OpenStack nova-scheduler
Nova Compute uses the nova-scheduler service to determine which compute node should be used when a VM instance is to be launched. The nova-scheduler, like vSphere DRS, makes this automatic initial placement decision using a number of metric and policy considerations, such as available compute resources and VM affinity rules. Note that unlike DRS, the nova-scheduler does not do periodic load-balancing or power-management of VMs after the initial placement. The scheduler has a number of configurable options that can be accessed and modified in the nova.conf file, the primary file used to configure nova-compute services in an OpenStack cloud.
scheduler_driver=nova.scheduler.multi.MultiScheduler compute_scheduler_driver=nova.scheduler.filter_scheduler.FilterScheduler scheduler_available_filters=nova.scheduler.filters.all_filters --> scheduler_default_filters=AvailabilityZoneFilter,RamFilter,ComputeFilter --> least_cost_functions=nova.scheduler.least_cost.compute_fill_first_cost_fn compute_fill_first_cost_fn_weight=-1.0
The two variables I want to focus on are “schedule_default_filters” and “Least_cost_functions.” They represent two algorithmic processes used by the Filter Scheduler to determine initial placement of VMs (There are two other schedulers, the Chance Scheduler and the Multi Scheduler, that can be used in place of the Filter Scheduler; however, the Filter Scheduler is the default and should be used in most cases). These two process work together to balance workloads across all existing compute nodes at VM launch, much in the same way the Dynamic Entitlements and Resource Allocation Settings are used by DRS to balance VMs across an ESXi cluster.

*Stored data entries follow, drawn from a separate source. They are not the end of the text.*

theorem lemma4:
  fixes V :: "'a set" and E :: "'a set set" and c :: "'a \<Rightarrow> nat set"
    and t :: nat and k :: "nat \<Rightarrow> nat" and v0 :: 'a
  assumes G: "simple_graph V E"
    and col: "t_colouring V t c"
    and v0: "v0 \<notin> V"
  defines "E0 \<equiv> {{v, v0} | v. v \<in> V}"
  defines "E' \<equiv> E \<union> E0"
  defines "c' \<equiv> c(v0 := {1..t})"
  shows "(\<exists>F. fair_fvs V E c t k F) \<longleftrightarrow>
    (\<exists>X X0. X \<subseteq> V \<union> {v0} \<and> v0 \<in> X \<and> X0 \<subseteq> E0 \<and>
       (\<forall>e\<in>X0. e \<subseteq> X) \<and>
       graph_connected X (induced_edges E' (X - {v0}) \<union> X0) \<and>
       card (induced_edges E' (X - {v0}) \<union> X0) = card X - 1 \<and>
       (\<forall>i\<in>{1..t}. int (ccount c' i X) = int (ccount c i V) - int (k i) + 1))"
proof -
  have "finite V" using G by (simp add: simple_graph_def)
  have reindexed: "X \<subseteq> V \<union> {v0} \<and> v0 \<in> X \<and> fair_fvs V E c t k (V - (X - {v0})) \<longleftrightarrow>
      (\<exists>X0. X \<subseteq> V \<union> {v0} \<and> v0 \<in> X \<and> X0 \<subseteq> E0 \<and> (\<forall>e\<in>X0. e \<subseteq> X) \<and>
         graph_connected X (induced_edges E' (X - {v0}) \<union> X0) \<and>
         card (induced_edges E' (X - {v0}) \<union> X0) = card X - 1 \<and>
         (\<forall>i\<in>{1..t}. int (ccount c' i X) = int (ccount c i V) - int (k i) + 1))"
    (is "?fair X \<longleftrightarrow> ?tree X") for X
  proof (cases "X \<subseteq> V \<union> {v0} \<and> v0 \<in> X")
    case True
    then obtain W where W: "W \<subseteq> V" "X = insert v0 W" "X - {v0} = W" using v0 by blast
    note tree = induced_forest_iff_hub_spanning_tree[OF G v0 W(1), folded E0_def E'_def W(2)]
    have colours: "(\<forall>i\<in>{1..t}. ccount c i (V - W) = k i) \<longleftrightarrow>
        (\<forall>i\<in>{1..t}. int (ccount c' i X) = int (ccount c i V) - int (k i) + 1)"
      using ccount_complement_iff[OF \<open>finite V\<close> W(1) v0, where c = c and t = t, folded c'_def W(2)]
      by simp
    have "fair_fvs V E c t k (V - W) \<longleftrightarrow>
        is_forest W (induced_edges E W) \<and> (\<forall>i\<in>{1..t}. ccount c i (V - W) = k i)"
      using W(1) by (simp add: fair_fvs_def double_diff)
    then show ?thesis unfolding W(3) tree colours using True by blast
  qed blast
  have "(\<exists>F. fair_fvs V E c t k F) \<longleftrightarrow> (\<exists>X. ?fair X)"
  proof
    assume "\<exists>F. fair_fvs V E c t k F"
    then obtain F where F: "fair_fvs V E c t k F" ..
    then have "V - (insert v0 (V - F) - {v0}) = F" using v0 by (auto simp: fair_fvs_def)
    with F show "\<exists>X. ?fair X" by (intro exI[of _ "insert v0 (V - F)"]) auto
  qed blast
  also have "\<dots> \<longleftrightarrow> (\<exists>X. ?tree X)" by (simp only: reindexed)
  finally show ?thesis .
qed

Filtering (schedule_default_filters)
When a request is made to launch a new VM, the nova-compute service contacts the nova-scheduler to request placement of the new instance. The nova-scheduler uses the scheduler, by default the Filter Scheduler, named in the nova.conf file to determine that placement. First, a filtering process is used to determine which hosts are eligible for consideration and an eligible host list is created and then a second algorithm, Costs and Weights (described later), is applied against the list to determine which compute node is optimal for fulfilling the request.
The Filtering process uses the scheduler_available_filters
configuration option in nova.conf
to determine what filters will be used to filter out ineligible compute nodes and to create the eligible hosts list. By default, there are three filters that are used:
- The AvailabilityZoneFilter filters out hosts that do not belong to the Availability Zone specified when a new VM launch request is made via the Horizon dashboard or from the nova CLI client.

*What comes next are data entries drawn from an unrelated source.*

definition coercivity_const :: "real \<Rightarrow> real \<Rightarrow> real \<Rightarrow> real \<Rightarrow> real \<Rightarrow> real \<Rightarrow> real \<Rightarrow> real" where
  "coercivity_const a a2 c c2 b b2 \<omega> =
     min (min (min (min (1 - \<bar>\<omega>\<bar>) (- c - \<bar>\<omega>\<bar> * b)) (- a - \<bar>\<omega>\<bar> * b)) (c2 - \<bar>\<omega>\<bar> * b2)) (a2 - \<bar>\<omega>\<bar> * b2)"

lemma coercivity_const_pos:
  assumes "b > 0" "b2 > 0" "\<bar>\<omega>\<bar> < 1" "\<bar>\<omega>\<bar> < - a / b" "\<bar>\<omega>\<bar> < - c / b"
    "\<bar>\<omega>\<bar> < a2 / b2" "\<bar>\<omega>\<bar> < c2 / b2"
  shows "coercivity_const a a2 c c2 b b2 \<omega> > 0"
proof -
  have "\<bar>\<omega>\<bar> * b < - a" "\<bar>\<omega>\<bar> * b < - c" "\<bar>\<omega>\<bar> * b2 < a2" "\<bar>\<omega>\<bar> * b2 < c2"
    using mult_strict_right_mono[OF assms(4) assms(1)] mult_strict_right_mono[OF assms(5) assms(1)]
      mult_strict_right_mono[OF assms(6) assms(2)] mult_strict_right_mono[OF assms(7) assms(2)] assms(1,2)
    by simp_all
  then show ?thesis using assms(3) by (simp add: coercivity_const_def)
qed

lemma cross_term_le:
  fixes \<omega> b x y :: real
  assumes "b \<ge> 0"
  shows "2 * \<omega> * (b * x * y) \<le> \<bar>\<omega>\<bar> * b * (x\<^sup>2 + y\<^sup>2)"
proof -
  have "2 * \<bar>x * y\<bar> \<le> x\<^sup>2 + y\<^sup>2"
    using sum_squares_bound[of "\<bar>x\<bar>" "\<bar>y\<bar>"] by (simp add: abs_mult power2_eq_square)
  then have "\<bar>\<omega>\<bar> * b * (2 * \<bar>x * y\<bar>) \<le> \<bar>\<omega>\<bar> * b * (x\<^sup>2 + y\<^sup>2)"
    using assms by (intro mult_left_mono) auto
  moreover have "2 * \<omega> * (b * x * y) \<le> \<bar>\<omega>\<bar> * b * (2 * \<bar>x * y\<bar>)"
    using assms abs_ge_self[of "2 * \<omega> * (b * x * y)"] by (simp add: abs_mult)
  ultimately show ?thesis by linarith
qed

- The RamFilter ensures that only nodes with sufficient RAM make it on to the eligible host list. If the RamFilter is not used, the nova-scheduler may over-provision a node with insufficient RAM resources. By default, the filter is set to allow overcommitment on RAM by 50 percent, i.e. the scheduler will allow a VM requiring 1.5 GB of RAM to be launched on a node with only 1 GB of available RAM. This setting is configurable by changing the “ram_allocation_ratio=1.5″ setting in nova.conf.
- The ComputeFilter filters out any nodes that do not have sufficient capabilities to launch the requested VM as it corresponds to the requested instance type. It also filters out any nodes that cannot support properties defined by the image that is being used to launch the VM. These image properties include architecture, hypervisor and VM mode.
An example of how the Filtering process may work is that host 2 and host 4 above may have been initially filtered out for any combination of the following reasons, assuming the default filters were applied:
- The requested VM is to be in Availability Zone 1 while nodes 2 and 4 are in Availability Zone 2.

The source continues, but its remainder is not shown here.